▸ EXERCISE OBJECTIVE:
Using the listing that follows, return every line with the word "thesis".

========================================================================

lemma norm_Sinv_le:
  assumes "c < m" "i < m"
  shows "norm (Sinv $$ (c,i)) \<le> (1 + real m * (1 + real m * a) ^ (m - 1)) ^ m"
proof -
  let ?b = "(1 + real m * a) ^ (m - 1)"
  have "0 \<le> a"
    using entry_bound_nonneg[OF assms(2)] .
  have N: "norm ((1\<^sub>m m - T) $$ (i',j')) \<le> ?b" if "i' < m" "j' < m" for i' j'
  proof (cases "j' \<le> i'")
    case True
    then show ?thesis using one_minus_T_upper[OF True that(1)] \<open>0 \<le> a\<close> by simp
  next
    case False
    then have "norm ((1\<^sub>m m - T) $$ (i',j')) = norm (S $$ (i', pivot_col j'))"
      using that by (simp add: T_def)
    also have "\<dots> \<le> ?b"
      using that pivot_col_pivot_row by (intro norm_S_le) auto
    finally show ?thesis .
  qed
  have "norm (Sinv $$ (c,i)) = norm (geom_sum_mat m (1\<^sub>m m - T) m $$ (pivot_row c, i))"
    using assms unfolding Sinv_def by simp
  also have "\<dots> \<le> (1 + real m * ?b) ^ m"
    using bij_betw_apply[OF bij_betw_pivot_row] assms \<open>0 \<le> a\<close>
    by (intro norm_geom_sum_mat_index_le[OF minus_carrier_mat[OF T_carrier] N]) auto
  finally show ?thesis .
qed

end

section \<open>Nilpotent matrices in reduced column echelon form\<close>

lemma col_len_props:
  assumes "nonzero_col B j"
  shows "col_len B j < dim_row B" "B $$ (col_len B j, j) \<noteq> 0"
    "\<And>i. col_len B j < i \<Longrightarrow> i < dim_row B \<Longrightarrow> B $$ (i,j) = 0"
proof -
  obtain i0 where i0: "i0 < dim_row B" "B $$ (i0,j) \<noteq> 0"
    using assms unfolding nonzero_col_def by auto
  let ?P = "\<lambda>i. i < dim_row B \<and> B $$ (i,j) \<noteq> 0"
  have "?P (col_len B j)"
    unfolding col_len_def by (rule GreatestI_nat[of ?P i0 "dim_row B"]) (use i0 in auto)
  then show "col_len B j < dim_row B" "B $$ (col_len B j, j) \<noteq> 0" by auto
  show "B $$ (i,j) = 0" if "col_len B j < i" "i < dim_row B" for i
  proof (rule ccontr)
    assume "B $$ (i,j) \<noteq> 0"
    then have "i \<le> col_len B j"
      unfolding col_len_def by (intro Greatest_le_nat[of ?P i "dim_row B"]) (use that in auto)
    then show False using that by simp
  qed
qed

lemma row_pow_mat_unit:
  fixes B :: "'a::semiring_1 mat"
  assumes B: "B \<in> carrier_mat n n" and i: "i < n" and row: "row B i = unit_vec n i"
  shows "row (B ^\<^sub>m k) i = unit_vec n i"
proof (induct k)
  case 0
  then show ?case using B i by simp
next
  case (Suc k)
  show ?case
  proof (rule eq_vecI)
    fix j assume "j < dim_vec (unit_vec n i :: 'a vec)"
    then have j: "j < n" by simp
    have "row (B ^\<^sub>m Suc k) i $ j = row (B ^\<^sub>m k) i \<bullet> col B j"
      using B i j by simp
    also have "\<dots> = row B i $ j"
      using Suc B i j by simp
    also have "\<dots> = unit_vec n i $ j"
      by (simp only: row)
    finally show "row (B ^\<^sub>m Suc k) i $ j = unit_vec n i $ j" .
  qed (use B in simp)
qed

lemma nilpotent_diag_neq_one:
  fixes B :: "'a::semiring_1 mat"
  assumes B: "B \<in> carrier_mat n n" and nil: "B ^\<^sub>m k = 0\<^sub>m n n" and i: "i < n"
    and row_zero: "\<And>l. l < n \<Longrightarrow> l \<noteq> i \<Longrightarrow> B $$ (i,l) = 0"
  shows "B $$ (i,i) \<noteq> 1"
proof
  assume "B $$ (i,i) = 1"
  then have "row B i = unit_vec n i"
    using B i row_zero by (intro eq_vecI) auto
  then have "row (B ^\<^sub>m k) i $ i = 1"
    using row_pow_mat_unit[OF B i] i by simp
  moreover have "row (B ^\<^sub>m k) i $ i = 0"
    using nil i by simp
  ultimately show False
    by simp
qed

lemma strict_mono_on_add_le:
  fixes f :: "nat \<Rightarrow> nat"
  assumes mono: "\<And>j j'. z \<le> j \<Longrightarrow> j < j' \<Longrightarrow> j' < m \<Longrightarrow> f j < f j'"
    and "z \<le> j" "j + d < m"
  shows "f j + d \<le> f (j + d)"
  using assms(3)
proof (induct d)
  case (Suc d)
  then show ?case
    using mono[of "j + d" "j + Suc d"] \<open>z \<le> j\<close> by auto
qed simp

========================================================================

▸ REPLY TO THE EXERCISE:
    then show ?thesis using one_minus_T_upper[OF True that(1)] \<open>0 \<le> a\<close> by simp
    finally show ?thesis .
  finally show ?thesis .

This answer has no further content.